■ AIM OF THE TASK: Everything from the line containing "(f z1) \<le>" through the line containing "fix z :: complex" should be repeated exactly, and nothing else from the data.

■ DATA TO PROCESS:
lemma norm_tp_slice_le:
  assumes z1: "norm z1 < 1" and z2: "norm z2 < 1"
  shows "norm (poly (tp_slice z2) z1) \<le> norm (poly (p_slice z2) z1)"
proof -
  define f where "f z = poly (tp_slice z2) z / poly (p_slice z2) z" for z
  have nz: "poly (p_slice z2) z \<noteq> 0" if "z \<in> cball 0 1" for z
    using p_slice_nonzero[OF _ z2] that by auto
  have "norm (f z1) \<le> 1"
  proof (rule maximum_modulus_frontier[where f=f and S="ball 0 1"])
    show "f holomorphic_on interior (ball 0 1)"
      unfolding f_def using nz by (intro holomorphic_intros poly_holomorphic_on) auto
    show "continuous_on (closure (ball 0 1)) f"
      unfolding f_def using nz by (intro continuous_intros) auto
  next
    fix z :: complex assume "z \<in> frontier (ball 0 1)"
    then have z: "norm z = 1" by simp
    have "poly (tp_slice z2) z = z^n * cnj (poly p2 z + cnj z2 * poly p1 z)"
      using poly_tp1_unit_circle[OF z] poly_tp2_unit_circle[OF z]
      by (simp add: poly_tp_slice algebra_simps)
    then have "norm (poly (tp_slice z2) z) = norm (z^n) * norm (cnj (poly p2 z + cnj z2 * poly p1 z))"
      by (simp only: norm_mult)
    also have "\<dots> = norm (poly p2 z + cnj z2 * poly p1 z)"
      using z by (simp only: norm_power complex_mod_cnj) simp
    also have "\<dots> \<le> norm (poly (p_slice z2) z)"
      unfolding poly_p_slice using norm_p2_le_p1[of z] z z2 by (intro norm_add_cnj_mult_le) auto
    finally show "norm (f z) \<le> 1"
      unfolding f_def using nz[of z] z by (simp add: norm_divide divide_le_eq)
  qed (use z1 in auto)
  then show ?thesis
    unfolding f_def using nz[of z1] z1 by (simp add: norm_divide divide_le_eq)
qed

■ RESPONSE FOR THIS EXERCISE:
  have "norm (f z1) \<le> 1"
  proof (rule maximum_modulus_frontier[where f=f and S="ball 0 1"])
    show "f holomorphic_on interior (ball 0 1)"
      unfolding f_def using nz by (intro holomorphic_intros poly_holomorphic_on) auto
    show "continuous_on (closure (ball 0 1)) f"
      unfolding f_def using nz by (intro continuous_intros) auto
  next
    fix z :: complex assume "z \<in> frontier (ball 0 1)"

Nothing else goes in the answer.